lemma weight_moment_integral:
  fixes a :: real assumes a: "a > 0"
  shows "((\<lambda>t. (1 - t\<^sup>2) powr a * t ^ j) has_integral weight_moment a j) {0..1}"
proof -
  define f where "f = (\<lambda>t::real. (1 - t\<^sup>2) powr a * t ^ j)"
  have cont_f: "continuous_on {0..1} f"
    unfolding f_def by (intro continuous_on_mult[OF continuous_on_weight[OF a]] continuous_intros)
  have subst: "((\<lambda>u. (inverse (sqrt u) / 2) *\<^sub>R f (sqrt u)) has_integral
      (integral {sqrt 0..sqrt 1} f - integral {sqrt 1..sqrt 0} f)) {0..1}"
  proof (rule has_integral_substitution_general[of "{0}" 0 1 sqrt 0 1 f "\<lambda>u. inverse (sqrt u) / 2"])
    show "continuous_on {0..1} sqrt" by (rule continuous_on_real_sqrt[OF continuous_on_id])
    show "continuous_on {0..1} f" by (rule cont_f)
    fix u :: real assume "u \<in> {0..1} - {0}"
    then show "(sqrt has_field_derivative inverse (sqrt u) / 2) (at u within {0..1})"
      by (intro has_field_derivative_at_within[OF DERIV_real_sqrt]) auto
  qed (simp_all add: image_subset_iff)
  have integrand: "(inverse (sqrt u) / 2) *\<^sub>R f (sqrt u) =
      u powr ((real j + 1) / 2 - 1) * (1 - u) powr (a + 1 - 1) / 2" if u: "u \<in> {0..1} - {0}" for u
  proof -
    have u0: "u > 0" using u by auto
    have "sqrt u ^ j = (u powr (1/2)) ^ j" using u0 by (simp add: powr_half_sqrt)
    also have "\<dots> = u powr (real j / 2)"
      using u0 by (simp add: powr_realpow[symmetric] powr_powr)
    finally have "sqrt u ^ j = u powr (real j / 2)" .
    moreover have "inverse (sqrt u) = u powr (-1/2)"
      using u0 by (simp add: powr_half_sqrt powr_minus)
    moreover have "u powr ((real j + 1) / 2 - 1) = u powr (-1/2) * u powr (real j / 2)"
      using u0 by (subst powr_add[symmetric]) (simp add: field_simps)
    ultimately show ?thesis using u0 unfolding f_def by simp
  qed
  have "((\<lambda>u. (inverse (sqrt u) / 2) *\<^sub>R f (sqrt u)) has_integral weight_moment a j) {0..1}"
    unfolding weight_moment_def
    by (rule has_integral_spike_finite[of "{0}", OF _ integrand has_integral_divide[OF has_integral_Beta_real]])
       (use a in auto)
  then have "integral {0..1} f = weight_moment a j"
    using has_integral_unique[OF subst] by simp
  then show ?thesis
    using integrable_integral[OF integrable_continuous_real[OF cont_f]] unfolding f_def by simp
qed

lemma exp_partial_sum_le:
  fixes x :: real assumes "x \<ge> 0" and "finite A"
  shows "(\<Sum>j\<in>A. x ^ j / fact j) \<le> exp x"
proof -
  have exp_sums: "(\<lambda>j. x ^ j / fact j) sums exp x"
    using exp_converges[of x] by (simp add: divide_inverse mult.commute)
  show ?thesis
    using sum_le_suminf[OF sums_summable[OF exp_sums] \<open>finite A\<close>] sums_unique[OF exp_sums] assms(1)
    by simp
qed

text \<open>A power series dominated by the exponential series may be integrated termwise against the
  weight; this is dominated convergence with the constant bound \<open>exp x\<close>.\<close>

lemma weighted_power_series_integral:
  fixes a x :: real and c :: "nat \<Rightarrow> real" and G :: "real \<Rightarrow> real"
  assumes a: "a > 0" and x: "x \<ge> 0"
    and series: "\<And>t. t \<in> {0..1} \<Longrightarrow> (\<lambda>j. c j * t ^ j) sums G t"
    and coeff_bound: "\<And>j. \<bar>c j\<bar> \<le> x ^ j / fact j"
  shows "(\<lambda>t. (1 - t\<^sup>2) powr a * G t) integrable_on {0..1}"
    and "(\<lambda>j. c j * weight_moment a j) sums integral {0..1} (\<lambda>t. (1 - t\<^sup>2) powr a * G t)"
proof -
  define f where "f = (\<lambda>k t. \<Sum>j<k. c j * ((1 - t\<^sup>2) powr a * t ^ j))"
  have f_integral: "(f k has_integral (\<Sum>j<k. c j * weight_moment a j)) {0..1}" for k
    unfolding f_def by (intro has_integral_sum has_integral_mult_right weight_moment_integral a) auto
  have f_bound: "norm (f k t) \<le> exp x" if t: "t \<in> {0..1}" for k t
  proof -
    have weight_le: "\<bar>(1 - t\<^sup>2) powr a * t ^ j\<bar> \<le> 1" for j
      using t a by (auto simp: abs_mult abs_square_le_1 intro!: mult_le_one powr_le1 power_le_one)
    have "norm (f k t) \<le> (\<Sum>j<k. \<bar>c j\<bar> * \<bar>(1 - t\<^sup>2) powr a * t ^ j\<bar>)"
      unfolding f_def real_norm_def abs_mult[symmetric] by (rule sum_abs)
    also have "\<dots> \<le> (\<Sum>j<k. x ^ j / fact j)"
    proof (rule sum_mono)
      fix j
      show "\<bar>c j\<bar> * \<bar>(1 - t\<^sup>2) powr a * t ^ j\<bar> \<le> x ^ j / fact j"
        using mult_mono[OF coeff_bound[of j] weight_le[of j]] x by simp
    qed
    also have "\<dots> \<le> exp x" by (rule exp_partial_sum_le[OF x finite_lessThan])
    finally show ?thesis .
  qed
  have f_limit: "(\<lambda>k. f k t) \<longlonglongrightarrow> (1 - t\<^sup>2) powr a * G t" if t: "t \<in> {0..1}" for t
  proof -
    have "(\<lambda>k. (1 - t\<^sup>2) powr a * (\<Sum>j<k. c j * t ^ j)) \<longlonglongrightarrow> (1 - t\<^sup>2) powr a * G t"
      using series[OF t] unfolding sums_def by (intro tendsto_mult tendsto_const)
    then show ?thesis unfolding f_def by (simp add: sum_distrib_left mult_ac)
  qed
  have dom: "(\<lambda>t. (1 - t\<^sup>2) powr a * G t) integrable_on {0..1}"
     "(\<lambda>k. integral {0..1} (f k)) \<longlonglongrightarrow> integral {0..1} (\<lambda>t. (1 - t\<^sup>2) powr a * G t)"
    by (rule dominated_convergence[of f "{0..1}" "\<lambda>_. exp x"];
        use f_integral f_bound f_limit in auto)+
  show "(\<lambda>t. (1 - t\<^sup>2) powr a * G t) integrable_on {0..1}" by (rule dom(1))
  show "(\<lambda>j. c j * weight_moment a j) sums integral {0..1} (\<lambda>t. (1 - t\<^sup>2) powr a * G t)"
    using dom(2) unfolding sums_def integral_unique[OF f_integral] .
qed

lemma Gamma_half_nat: "Gamma (real k + 1/2) = fact (2*k) * sqrt pi / (4 ^ k * fact k)"
proof -
  have "Gamma (1/2 + real k) = pochhammer (1/2) k * Gamma (1/2)"
    by (subst pochhammer_Gamma) (auto simp: Gamma_one_half_real)
  moreover have "(fact (2*k) :: real) = 4 ^ k * pochhammer (1/2) k * fact k"
    using fact_double[of k] by (simp add: power_mult)
  ultimately show ?thesis by (simp add: Gamma_one_half_real add.commute)
qed

lemma Gamma_three_halves_nat:
  "Gamma (real k + 3/2) = fact (2*k+1) * sqrt pi / (2 * 4 ^ k * fact k)"
proof -
  have "Gamma ((real k + 1/2) + 1) = (real k + 1/2) * Gamma (real k + 1/2)"
    by (rule Gamma_plus1) auto
  then have "Gamma (real k + 3/2) = (real k + 1/2) * Gamma (real k + 1/2)"
    by (simp add: add.assoc)
  moreover have "(fact (2*k+1) :: real) = (2 * real k + 1) * fact (2*k)"
    by (simp add: algebra_simps)
  ultimately show ?thesis unfolding Gamma_half_nat by (simp add: field_simps)
qed

definition poisson_factor :: "real \<Rightarrow> real \<Rightarrow> real" where
  "poisson_factor \<nu> x = 2 * (x/2) powr \<nu> / (sqrt pi * Gamma (\<nu> + 1/2))"

lemma cosh_power_series:
  "(\<lambda>j. (if even j then x ^ j / fact j else 0) * t ^ j) sums cosh (x * t :: real)"
proof -
  have "(\<lambda>j. (if even j then x ^ j / fact j else 0) * t ^ j) =
      (\<lambda>j. if even j then (x * t) ^ j /\<^sub>R fact j else 0)"
    by (auto simp: power_mult_distrib divide_inverse)
  then show ?thesis using cosh_converges[of "x * t"] by simp
qed

lemma sinh_power_series:
  "(\<lambda>j. (if even j then 0 else x ^ j / fact j) * t ^ j) sums sinh (x * t :: real)"
proof -
  have "(\<lambda>j. (if even j then 0 else x ^ j / fact j) * t ^ j) =
      (\<lambda>j. if even j then 0 else (x * t) ^ j /\<^sub>R fact j)"
    by (auto simp: power_mult_distrib divide_inverse)
  then show ?thesis using sinh_converges[of "x * t"] by simp
qed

######

WHAT THE TASK REQUIRES:
Word for word, restate the lines of the listing above starting at the line with "unfolding f_def by (intro continuous_on_mult[OF" and ending at the line with "proof (rule has_integral_substitution_general[of", and nothing outside them.

RESPONSE:
    unfolding f_def by (intro continuous_on_mult[OF continuous_on_weight[OF a]] continuous_intros)
  have subst: "((\<lambda>u. (inverse (sqrt u) / 2) *\<^sub>R f (sqrt u)) has_integral
      (integral {sqrt 0..sqrt 1} f - integral {sqrt 1..sqrt 0} f)) {0..1}"
  proof (rule has_integral_substitution_general[of "{0}" 0 1 sqrt 0 1 f "\<lambda>u. inverse (sqrt u) / 2"])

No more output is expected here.